At draw time, look up override; fall back to cached Setup part. WB's
mesh manager caches the override GfxObj's mesh data the same way as
any other part — first time seen, then shared.
**`HiddenParts`** (bitmask hiding parts): per-entity `ulong` bitmask.
Draw loop: `if (hiddenMask & (1 << partIndex)) continue;`.
**Per-frame CPU cost:** ~50 visible animated entities × ~20 parts =
~1000 matrix multiplies per frame. Sub-millisecond on any CPU.

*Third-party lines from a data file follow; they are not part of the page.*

lemma conformal_square_exchange:
  fixes a b s :: int
  assumes "if 0 \<le> b - a then 0 \<le> s \<and> s \<le> b - a else b - a \<le> s \<and> s \<le> 0"
  shows "(a + s)\<^sup>2 + (b - s)\<^sup>2 \<le> a\<^sup>2 + b\<^sup>2"
    and "s \<noteq> 0 \<Longrightarrow> \<bar>s\<bar> < \<bar>b - a\<bar> \<Longrightarrow> (a + s)\<^sup>2 + (b - s)\<^sup>2 < a\<^sup>2 + b\<^sup>2"
proof -
  have eq: "(a + s)\<^sup>2 + (b - s)\<^sup>2 = a\<^sup>2 + b\<^sup>2 - 2 * (s * (b - a - s))"
    by (simp add: power2_eq_square algebra_simps)
  have "0 \<le> s * (b - a - s)"
    using assms by (auto simp: zero_le_mult_iff split: if_splits)
  then show "(a + s)\<^sup>2 + (b - s)\<^sup>2 \<le> a\<^sup>2 + b\<^sup>2" using eq by linarith
  assume "s \<noteq> 0" "\<bar>s\<bar> < \<bar>b - a\<bar>"
  then have "0 < s * (b - a - s)"
    using assms by (auto simp: zero_less_mult_iff split: if_splits)
  then show "(a + s)\<^sup>2 + (b - s)\<^sup>2 < a\<^sup>2 + b\<^sup>2" using eq by linarith
qed

lemma sq_dist_exchange_less:
  assumes "conf_le s (y - x)" "s i \<noteq> 0" "\<bar>s i\<bar> < \<bar>y i - x i\<bar>"
  shows "sq_dist (x + s) z + sq_dist (y - s) z < sq_dist x z + sq_dist y z"
proof -
  have between: "if 0 \<le> (y j - z j) - (x j - z j) then 0 \<le> s j \<and> s j \<le> (y j - z j) - (x j - z j)
      else (y j - z j) - (x j - z j) \<le> s j \<and> s j \<le> 0" for j
    using assms(1)[unfolded conf_le_iff_between, rule_format, of j] unfolding minus_apply by simp
  have "(\<Sum>j\<in>UNIV. (x j - z j + s j)\<^sup>2 + (y j - z j - s j)\<^sup>2) < (\<Sum>j\<in>UNIV. (x j - z j)\<^sup>2 + (y j - z j)\<^sup>2)"
  proof (rule sum_strict_mono_ex1)
    show "\<forall>j\<in>UNIV. (x j - z j + s j)\<^sup>2 + (y j - z j - s j)\<^sup>2 \<le> (x j - z j)\<^sup>2 + (y j - z j)\<^sup>2"
      using conformal_square_exchange(1)[OF between] by blast
    show "\<exists>j\<in>UNIV. (x j - z j + s j)\<^sup>2 + (y j - z j - s j)\<^sup>2 < (x j - z j)\<^sup>2 + (y j - z j)\<^sup>2"
      using conformal_square_exchange(2)[OF between[of i]] assms(2,3) by auto
  qed simp
  then show ?thesis by (simp add: sq_dist_def sum.distrib algebra_simps)
qed

definition parity_box_dom :: "(('m \<Rightarrow> int) \<Rightarrow> ereal) \<Rightarrow> ('m \<Rightarrow> int) \<Rightarrow> ('m \<Rightarrow> int) \<Rightarrow> ('m \<Rightarrow> int) \<Rightarrow> ('m \<Rightarrow> int) set" where
  "parity_box_dom f r lo hi = {x. (\<forall>i. lo i \<le> x i \<and> x i \<le> hi i \<and> x i mod 2 = r i mod 2) \<and> f x < \<infinity>}"

lemma finite_parity_box_dom: "finite (parity_box_dom f r lo (hi :: 'm::finite \<Rightarrow> int))"
proof (rule finite_subset)
  show "parity_box_dom f r lo hi \<subseteq> Pi\<^sub>E UNIV (\<lambda>i. {lo i..hi i})"
    by (auto simp: parity_box_dom_def PiE_UNIV_domain)
qed (simp add: finite_PiE)

lemma parity_box_dom_exchange:
  assumes "x \<in> parity_box_dom f r lo hi" "y \<in> parity_box_dom f r lo hi"
    "conf_le s (y - x)" "\<forall>j. even (s j)" "f (x + s) + f (y - s) \<le> f x + f y" "\<forall>w. f w \<noteq> -\<infinity>"
  shows "x + s \<in> parity_box_dom f r lo hi" "y - s \<in> parity_box_dom f r lo hi"
proof -
  have "f x + f y < \<infinity>" using assms(1,2) by (simp add: parity_box_dom_def)
  then have "f (x + s) < \<infinity> \<and> f (y - s) < \<infinity>"
    using assms(5,6) by (metis ereal_plus_eq_PInfty less_PInf_Ex_of_nat linorder_not_less order.strict_trans1)
  moreover have "lo j \<le> x j + s j \<and> x j + s j \<le> hi j \<and> lo j \<le> y j - s j \<and> y j - s j \<le> hi j" for j
  proof -
    have "lo j \<le> x j \<and> x j \<le> hi j \<and> lo j \<le> y j \<and> y j \<le> hi j"
      using assms(1,2) by (simp add: parity_box_dom_def)
    then show ?thesis
      using assms(3)[unfolded conf_le_iff_between, rule_format, of j] unfolding minus_apply
      by (simp split: if_splits)
  qed
  moreover have "(x j + s j) mod 2 = x j mod 2" "(y j - s j) mod 2 = y j mod 2" for j
    using assms(4)[rule_format, of j] by presburger+
  ultimately show "x + s \<in> parity_box_dom f r lo hi" "y - s \<in> parity_box_dom f r lo hi"
    using assms(1,2) by (simp_all add: parity_box_dom_def)
qed

lemma parity_box_dom_real:
  "x \<in> parity_box_dom f r lo hi \<Longrightarrow> \<forall>w. f w \<noteq> -\<infinity> \<Longrightarrow> f x = ereal (real_of_ereal (f x))"
  by (cases "f x") (auto simp: parity_box_dom_def)

lemma mean_exchange_parity_box_dom:
  assumes "SBO_jump_M_convex f" "\<forall>w. f w \<noteq> -\<infinity>" "\<forall>i. z i mod 2 = r i mod 2"
  shows "mean_exchange (parity_box_dom f r lo hi) z (\<lambda>x. real_of_ereal (f x)) (\<lambda>x. real_of_int (sq_dist x z))"
proof (unfold_locales, rule finite_parity_box_dom)
  fix x x' i
  assume x: "x \<in> parity_box_dom f r lo hi" and x': "x' \<in> parity_box_dom f r lo hi"
    and opposite: "(x i - z i) * (x' i - z i) < 0"
  have ev: "even (x j - z j)" "even (x' j - z j)" for j
    using x x' assms(3) by (auto simp: parity_box_dom_def mod_eq_dvd_iff[symmetric])
  have "even (x' j - x j)" for j using dvd_diff[OF ev(2)[of j] ev(1)[of j]] by simp
  have far: "4 \<le> \<bar>x' i - x i\<bar>"
    using ev[of i] opposite unfolding mult_less_0_iff by presburger
  obtain s where s: "conf_le s (x' - x)" "\<forall>j. even (s j)" "\<bar>s i\<bar> = 2"
    and f_le: "f (x + s) + f (x' - s) \<le> f x + f x'"
  proof -
    have "f x < \<infinity>" "f x' < \<infinity>" "x' i \<noteq> x i" using x x' far by (auto simp: parity_box_dom_def)
    then show thesis
      using SBO_jump_M_convex_even_exchange[OF assms(1)] that \<open>\<And>j. even (x' j - x j)\<close> by blast
  qed
  have y: "x + s \<in> parity_box_dom f r lo hi" "x' - s \<in> parity_box_dom f r lo hi"
    using parity_box_dom_exchange[OF x x' s(1,2) f_le assms(2)] by auto
  have "real_of_ereal (f (x + s)) + real_of_ereal (f (x' - s)) \<le> real_of_ereal (f x) + real_of_ereal (f x')"
    using f_le parity_box_dom_real[OF y(1) assms(2)] parity_box_dom_real[OF y(2) assms(2)]
      parity_box_dom_real[OF x assms(2)] parity_box_dom_real[OF x' assms(2)]
    by (metis ereal_less_eq(3) plus_ereal.simps(1))
  moreover have "sq_dist (x + s) z + sq_dist (x' - s) z < sq_dist x z + sq_dist x' z"
    using s(3) far by (intro sq_dist_exchange_less[OF s(1), of i]) auto
  moreover have "(x + s) + (x' - s) = x + x'" by simp
  ultimately show "\<exists>y\<in>parity_box_dom f r lo hi. \<exists>y'\<in>parity_box_dom f r lo hi. y + y' = x + x' \<and>
      real_of_ereal (f y) + real_of_ereal (f y') \<le> real_of_ereal (f x) + real_of_ereal (f x') \<and>
      real_of_int (sq_dist y z) + real_of_int (sq_dist y' z) < real_of_int (sq_dist x z) + real_of_int (sq_dist x' z)"
    using y by (metis of_int_add of_int_less_iff)
qed

lemma rat_or_inf_neq_MInfty: "rat_or_inf f \<Longrightarrow> f x \<noteq> -\<infinity>"
proof -
  assume "rat_or_inf f"
  then have "f x = \<infinity> \<or> (\<exists>q::rat. f x = ereal (of_rat q))" by (simp add: rat_or_inf_def)
  then show "f x \<noteq> -\<infinity>" by auto
qed

lemma sum_ereal_mult_real:
  fixes g :: "'k \<Rightarrow> ereal"
  assumes "\<forall>k\<in>K. lam k \<noteq> 0 \<longrightarrow> \<bar>g k\<bar> \<noteq> \<infinity>"
  shows "(\<Sum>k\<in>K. ereal (lam k) * g k) = ereal (\<Sum>k\<in>K. lam k * real_of_ereal (g k))"
proof -
  have "ereal (lam k) * g k = ereal (lam k * real_of_ereal (g k))" if k: "k \<in> K" for k
  proof (cases "lam k = 0")
    case False
    then obtain c where "g k = ereal c" using assms k by (cases "g k") auto
    then show ?thesis by simp
  qed (simp add: zero_ereal_def[symmetric])
  then have "(\<Sum>k\<in>K. ereal (lam k) * g k) = (\<Sum>k\<in>K. ereal (lam k * real_of_ereal (g k)))"
    by (rule sum.cong[OF refl])
  then show ?thesis by simp
qed

theorem lemma19:
  fixes f :: "('m::finite \<Rightarrow> int) \<Rightarrow> ereal"
    and r :: "'m \<Rightarrow> int"
    and l :: nat
    and zs :: "nat \<Rightarrow> ('m \<Rightarrow> int)"
    and lam :: "nat \<Rightarrow> real"
    and z :: "'m \<Rightarrow> int"
  assumes "rat_or_inf f"
    and "SBO_jump_M_convex f"
    and "\<forall>k<l. \<forall>i. zs k i mod 2 = r i mod 2"
    and "\<forall>k<l. lam k \<ge> 0"
    and "(\<Sum>k<l. lam k) = 1"
    and "\<forall>i. real_of_int (z i) = (\<Sum>k<l. lam k * real_of_int (zs k i))"
    and "\<forall>i. z i mod 2 = r i mod 2"
  shows "f z \<le> (\<Sum>k<l. ereal (lam k) * f (zs k))"
proof (cases "\<exists>k<l. lam k \<noteq> 0 \<and> f (zs k) = \<infinity>")
  case True
  then obtain k where "k < l" "0 < lam k" "f (zs k) = \<infinity>"
    using assms(4) by (auto simp: order_less_le)
  then have "(\<Sum>k<l. ereal (lam k) * f (zs k)) = \<infinity>" by (subst sum_Pinfty) auto
  then show ?thesis by simp
next
  case False
  have no_MInfty: "\<forall>x. f x \<noteq> -\<infinity>" using rat_or_inf_neq_MInfty[OF assms(1)] by blast
  define lo where "lo i = Min ((\<lambda>k. zs k i) ` {..<l})" for i
  define hi where "hi i = Max ((\<lambda>k. zs k i) ` {..<l})" for i
  interpret mean_exchange "parity_box_dom f r lo hi" z "\<lambda>x. real_of_ereal (f x)" "\<lambda>x. real_of_int (sq_dist x z)"
    using mean_exchange_parity_box_dom assms(2,7) no_MInfty by blast
  have "\<forall>k<l. lam k \<noteq> 0 \<longrightarrow> zs k \<in> parity_box_dom f r lo hi"
    using False assms(3) by (auto simp: parity_box_dom_def lo_def hi_def)
  then have "z \<in> parity_box_dom f r lo hi"
    and "real_of_ereal (f z) \<le> (\<Sum>k<l. lam k * real_of_ereal (f (zs k)))"
    using value_at_mean_le_weighted_sum[of "{..<l}" lam zs] assms(4-6) by auto
  then have "f z \<le> ereal (\<Sum>k<l. lam k * real_of_ereal (f (zs k)))"
    using parity_box_dom_real no_MInfty by (metis ereal_less_eq(3))
  also have "\<dots> = (\<Sum>k<l. ereal (lam k) * f (zs k))"
    using False no_MInfty by (intro sum_ereal_mult_real[symmetric]) auto
  finally show ?thesis .
qed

**GPU-side per-draw transform push:** start with uniform-per-draw
(simple, ~1000 draws/frame for animated entities — fine). Promote to
per-instance vertex attribute (instanced draw, ~50 draws/frame) only
if measured perf demands it.
### Streaming loader integration
Adapter shim, ~200 LOC, sits between `LandblockStreamLoader` /
`WorldSession` and `ObjectMeshManager`:
| Source event | Adapter call | What `ObjectMeshManager` does |
|---|---|---|
| Landblock loaded by streaming | `IncrementRefCount(id)` per unique GfxObj/Setup id in `Setups[]` + `Statics[]` | Begins CPU prep on background worker if not cached; queues GPU upload on main thread |
| Landblock unloaded by streaming (radius hysteresis) | `DecrementRefCount(id)` per object | Drops to LRU when count reaches 0; LRU + 1 GB memory budget handles eviction |
| Network `CreateObject` | Per-instance path: build `PaletteOverride` from `SubPalettes`, decode through `TextureCache.GetOrUploadWithPaletteOverride`, register entity-local mesh data | Bypasses WB atlas; stays in our existing per-instance path |
| Network `RemoveObject` | Release per-instance state for entity | (no WB call) |
**Pending-spawn list preservation:** the streaming loader's existing
[pending-spawn list](../../../memory/feedback_phase_a1_hotfix_saga.md)
mechanism stays in place. `CreateObject` arriving before its landblock
streams in still parks until the landblock arrives, then drains. The
adapter is invoked when the spawn drains, not when it parks.
**Thread safety:** WB's `ObjectMeshManager` uses `ConcurrentDictionary`
for its internal state and is designed to take `IncrementRefCount` calls
from any thread. Our streaming worker can call it directly without
marshaling onto the render thread. (This is part of why WB's design
addresses the render-thread-stall problem.)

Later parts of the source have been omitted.